Some people steered a middle course, neither being wary of their health nor living a life of dissipation. They walked around carrying flowers or fragrant herbs, which they held to their noses, thinking that it would provide some comfort against the air which reeked with the stench of the dead and dying.
Yet others, the most sound of judgement, perhaps, felt that the best medicine was to flee; a multitude of men and women deserted the city, their houses, their estates, their families, their goods, and went into voluntary exile, fled to the country, hoping that God would not pursue them with His wrath, but would only destroy those who stayed behind.
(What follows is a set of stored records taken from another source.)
inductive nikm :: "'a pseq \<Rightarrow> bool" where
  ax_bot: "nikm (pfill c (pplus P (pin {#Bot#})))"
| ax_at: "nikm (pfill c (pplus P (PSeq {#At p#} {#At p#} {#})))"
| conj_in: "nikm (pfill c (pplus P (pin {#A, B#}))) \<Longrightarrow> nikm (pfill c (pplus P (pin {#Conj A B#})))"
| conj_out: "nikm (pfill c (pplus P (pout {#A#}))) \<Longrightarrow> nikm (pfill c (pplus P (pout {#B#})))
      \<Longrightarrow> nikm (pfill c (pplus P (pout {#Conj A B#})))"
| disj_in: "nikm (pfill c (pplus P (pin {#A#}))) \<Longrightarrow> nikm (pfill c (pplus P (pin {#B#})))
      \<Longrightarrow> nikm (pfill c (pplus P (pin {#Disj A B#})))"
| disj_out: "nikm (pfill c (pplus P (pout {#A, B#}))) \<Longrightarrow> nikm (pfill c (pplus P (pout {#Disj A B#})))"
| imp_in: "nikm (pfill c (pplus P (pout {#A#}))) \<Longrightarrow> nikm (pfill c (pplus P (pin {#B#})))
      \<Longrightarrow> nikm (pfill c (pplus P (pin {#Imp A B#})))"
| imp_out: "nikm (pfill (pcdown c) (pplus (pdown P) (PSeq {#A#} {#B#} {#})))
      \<Longrightarrow> nikm (pfill c (pplus P (pout {#Imp A B#})))"
| box_in: "nikm (pfill c (pplus P (pblk (pplus D (pin {#A#})))))
      \<Longrightarrow> nikm (pfill c (pplus P (PSeq {#Box A#} {#} {#D#})))"
| box_out: "nikm (pfill (pcdown c) (pplus (pdown P) (pblk (pout {#A#}))))
      \<Longrightarrow> nikm (pfill c (pplus P (pout {#Box A#})))"
| dia_in: "nikm (pfill c (pplus P (pblk (pin {#A#})))) \<Longrightarrow> nikm (pfill c (pplus P (pin {#Dia A#})))"
| dia_out: "nikm (pfill c (pplus P (pblk (pplus D (pout {#A#})))))
      \<Longrightarrow> nikm (pfill c (pplus P (PSeq {#} {#Dia A#} {#D#})))"
| contr_in: "nikm (pfill c (pplus P (pin {#A, A#}))) \<Longrightarrow> nikm (pfill c (pplus P (pin {#A#})))"
| contr_out: "nikm (pfill c (pplus P (pout {#A, A#}))) \<Longrightarrow> nikm (pfill c (pplus P (pout {#A#})))"

text \<open>BSeq G D I M is  G \<Rightarrow> D, <I_1>,...,<I_m>, [M_1],...,[M_n]  (antecedent G, consequent
formulas D, implication blocks I, modal blocks M).\<close>
datatype 'a bseq = BSeq "'a fm multiset" "'a fm multiset" "'a bseq multiset" "'a bseq multiset"

text \<open>Contexts: the hole, or  G \<Rightarrow> D,<G'{ }>  or  G \<Rightarrow> D,[G'{ }]  (D a consequent, here split
into formulas, implication blocks and modal blocks).\<close>
datatype 'a bctx = BHole
  | BCImp "'a fm multiset" "'a fm multiset" "'a bseq multiset" "'a bseq multiset" "'a bctx"
  | BCMod "'a fm multiset" "'a fm multiset" "'a bseq multiset" "'a bseq multiset" "'a bctx"

primrec bfill :: "'a bctx \<Rightarrow> 'a bseq \<Rightarrow> 'a bseq" where
  "bfill BHole S = S"
| "bfill (BCImp G D I M c) S = BSeq G D (I + {# bfill c S #}) M"
| "bfill (BCMod G D I M c) S = BSeq G D I (M + {# bfill c S #})"

primrec bstar :: "'a bseq \<Rightarrow> 'a bseq" where
  "bstar (BSeq G D I M) = BSeq G {#} {#} (image_mset bstar M)"

inductive cik :: "'a bseq \<Rightarrow> bool" where
  ax_bot: "cik (bfill c (BSeq (G + {#Bot#}) D I M))"
| ax_top: "cik (bfill c (BSeq G (D + {#Top#}) I M))"
| ax_at: "cik (bfill c (BSeq (G + {#At p#}) (D + {#At p#}) I M))"
| conjL: "cik (bfill c (BSeq (G + {#A, B#}) D I M)) \<Longrightarrow> cik (bfill c (BSeq (G + {#Conj A B#}) D I M))"
| conjR: "cik (bfill c (BSeq G (D + {#A#}) I M)) \<Longrightarrow> cik (bfill c (BSeq G (D + {#B#}) I M))
      \<Longrightarrow> cik (bfill c (BSeq G (D + {#Conj A B#}) I M))"
| disjL: "cik (bfill c (BSeq (G + {#A#}) D I M)) \<Longrightarrow> cik (bfill c (BSeq (G + {#B#}) D I M))
      \<Longrightarrow> cik (bfill c (BSeq (G + {#Disj A B#}) D I M))"
| disjR: "cik (bfill c (BSeq G (D + {#A, B#}) I M)) \<Longrightarrow> cik (bfill c (BSeq G (D + {#Disj A B#}) I M))"
| impL: "cik (bfill c (BSeq (G + {#Imp A B#}) (D + {#A#}) I M)) \<Longrightarrow> cik (bfill c (BSeq (G + {#B#}) D I M))
      \<Longrightarrow> cik (bfill c (BSeq (G + {#Imp A B#}) D I M))"
| impR: "cik (bfill c (BSeq G D (I + {# BSeq {#A#} {#B#} {#} {#} #}) M))
      \<Longrightarrow> cik (bfill c (BSeq G (D + {#Imp A B#}) I M))"
| boxL: "cik (bfill c (BSeq (G + {#Box A#}) D I (M + {# BSeq (S + {#A#}) P PI PM #})))
      \<Longrightarrow> cik (bfill c (BSeq (G + {#Box A#}) D I (M + {# BSeq S P PI PM #})))"
| boxR: "cik (bfill c (BSeq G D (I + {# BSeq {#} {#} {#} {# BSeq {#} {#A#} {#} {#} #} #}) M))
      \<Longrightarrow> cik (bfill c (BSeq G (D + {#Box A#}) I M))"
| diaL: "cik (bfill c (BSeq G D I (M + {# BSeq {#A#} {#} {#} {#} #})))
      \<Longrightarrow> cik (bfill c (BSeq (G + {#Dia A#}) D I M))"
| diaR: "cik (bfill c (BSeq G (D + {#Dia A#}) I (M + {# BSeq S (P + {#A#}) PI PM #})))
      \<Longrightarrow> cik (bfill c (BSeq G (D + {#Dia A#}) I (M + {# BSeq S P PI PM #})))"
| trans: "cik (bfill c (BSeq (G + G') D (I + {# BSeq (G' + S) P PI PM #}) M))
      \<Longrightarrow> cik (bfill c (BSeq (G + G') D (I + {# BSeq S P PI PM #}) M))"
| inter_fc: "cik (bfill c (BSeq G D (I + {# BSeq S P PI (PM + {# bstar (BSeq L T TI TM) #}) #})
                                      (M + {# BSeq L T TI TM #})))
      \<Longrightarrow> cik (bfill c (BSeq G D (I + {# BSeq S P PI PM #}) (M + {# BSeq L T TI TM #})))"
| inter_bc: "cik (bfill c (BSeq G D (I + {# BSeq {#} {#} {#} {# BSeq S P PI PM #} #})
                                   (M + {# BSeq L T (TI + {# BSeq S P PI PM #}) TM #})))
      \<Longrightarrow> cik (bfill c (BSeq G D I (M + {# BSeq L T (TI + {# BSeq S P PI PM #}) TM #})))"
Whatever course of action people took, many died. Citizen avoided citizen, neighbours lost all feeling for each other, families met only rarely; so afraid were people of this disease, that brother forsook brother, nephew uncle, brother sister, and often husbands their wives; what’s more, scarcely believable, is that parents abandoned their children, and left them to their fate, as if they had belonged to strangers. The huge numbers of sick had no choice but to rely on the charity of what few friends they had left, or servants, who demanded high wages for their care, (despite not being qualified) and who merely looked after the immediate wants of the sick, and watched them die; they very often died too. There were so few people left to care for the sick that no woman, however fair or wellborn she might be, shrank, when stricken with the dis
ease, from the ministrations of a man, and willingly exposed to him every part of her body; some received the man’s physical attention rather than medical aid. Possibly, with better care, some may have survived, but the combination of so virulent a plague and such poor medical aid resulted in huge mortality, with deaths taking place day and night; those who witnessed it – or even heard about it second hand – were struck dumb with amazement.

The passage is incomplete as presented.